• WORK ITEM
Among the lines below, a stretch begins at the one with "theory Defs" and ends at the one with "a + of_int b". Repeat that stretch exactly, ends included.

[Extracted records]
== Segment start ==
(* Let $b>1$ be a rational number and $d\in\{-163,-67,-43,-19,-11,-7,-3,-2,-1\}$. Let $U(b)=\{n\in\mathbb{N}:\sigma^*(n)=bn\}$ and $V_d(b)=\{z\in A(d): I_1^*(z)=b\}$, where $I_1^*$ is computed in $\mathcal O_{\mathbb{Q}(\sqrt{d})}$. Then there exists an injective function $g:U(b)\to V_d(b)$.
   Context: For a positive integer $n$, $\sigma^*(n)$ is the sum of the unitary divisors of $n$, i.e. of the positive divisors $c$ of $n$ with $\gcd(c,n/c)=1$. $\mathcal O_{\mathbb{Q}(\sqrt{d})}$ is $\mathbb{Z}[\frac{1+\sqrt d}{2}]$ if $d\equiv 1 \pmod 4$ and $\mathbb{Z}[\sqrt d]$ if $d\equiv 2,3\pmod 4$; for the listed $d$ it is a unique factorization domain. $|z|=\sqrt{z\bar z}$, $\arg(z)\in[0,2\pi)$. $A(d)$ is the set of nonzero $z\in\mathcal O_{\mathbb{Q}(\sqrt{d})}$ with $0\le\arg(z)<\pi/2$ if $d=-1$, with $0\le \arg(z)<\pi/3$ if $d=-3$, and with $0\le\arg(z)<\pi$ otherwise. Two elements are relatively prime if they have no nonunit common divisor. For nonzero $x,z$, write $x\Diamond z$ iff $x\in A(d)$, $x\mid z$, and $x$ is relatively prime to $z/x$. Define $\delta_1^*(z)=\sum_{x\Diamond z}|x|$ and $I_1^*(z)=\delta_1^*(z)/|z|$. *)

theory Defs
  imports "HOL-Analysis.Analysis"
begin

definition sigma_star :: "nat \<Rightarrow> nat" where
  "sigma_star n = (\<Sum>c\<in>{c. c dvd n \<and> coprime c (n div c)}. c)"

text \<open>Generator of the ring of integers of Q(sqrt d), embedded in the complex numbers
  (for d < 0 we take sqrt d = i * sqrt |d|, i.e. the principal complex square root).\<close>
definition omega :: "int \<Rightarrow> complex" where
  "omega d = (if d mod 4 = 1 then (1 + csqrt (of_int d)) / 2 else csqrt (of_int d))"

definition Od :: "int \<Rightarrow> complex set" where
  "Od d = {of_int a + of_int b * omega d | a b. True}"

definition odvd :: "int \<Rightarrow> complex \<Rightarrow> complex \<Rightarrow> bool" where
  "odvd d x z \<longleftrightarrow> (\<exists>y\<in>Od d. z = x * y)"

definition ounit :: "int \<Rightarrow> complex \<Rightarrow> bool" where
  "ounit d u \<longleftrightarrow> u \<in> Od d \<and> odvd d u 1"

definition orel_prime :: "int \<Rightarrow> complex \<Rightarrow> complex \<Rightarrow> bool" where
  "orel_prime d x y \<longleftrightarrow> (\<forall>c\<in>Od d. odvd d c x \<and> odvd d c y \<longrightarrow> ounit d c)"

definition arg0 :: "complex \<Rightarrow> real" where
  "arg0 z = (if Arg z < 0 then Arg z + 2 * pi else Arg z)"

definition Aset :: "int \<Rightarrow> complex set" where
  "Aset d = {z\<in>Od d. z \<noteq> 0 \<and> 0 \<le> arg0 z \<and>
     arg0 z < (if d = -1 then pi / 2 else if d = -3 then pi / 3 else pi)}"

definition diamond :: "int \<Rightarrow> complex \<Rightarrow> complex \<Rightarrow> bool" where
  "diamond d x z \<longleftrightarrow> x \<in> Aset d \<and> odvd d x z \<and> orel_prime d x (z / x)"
== Segment end ==
• THE COMPLETED TASK
theory Defs
  imports "HOL-Analysis.Analysis"
begin

definition sigma_star :: "nat \<Rightarrow> nat" where
  "sigma_star n = (\<Sum>c\<in>{c. c dvd n \<and> coprime c (n div c)}. c)"

text \<open>Generator of the ring of integers of Q(sqrt d), embedded in the complex numbers
  (for d < 0 we take sqrt d = i * sqrt |d|, i.e. the principal complex square root).\<close>
definition omega :: "int \<Rightarrow> complex" where
  "omega d = (if d mod 4 = 1 then (1 + csqrt (of_int d)) / 2 else csqrt (of_int d))"

definition Od :: "int \<Rightarrow> complex set" where
  "Od d = {of_int a + of_int b * omega d | a b. True}"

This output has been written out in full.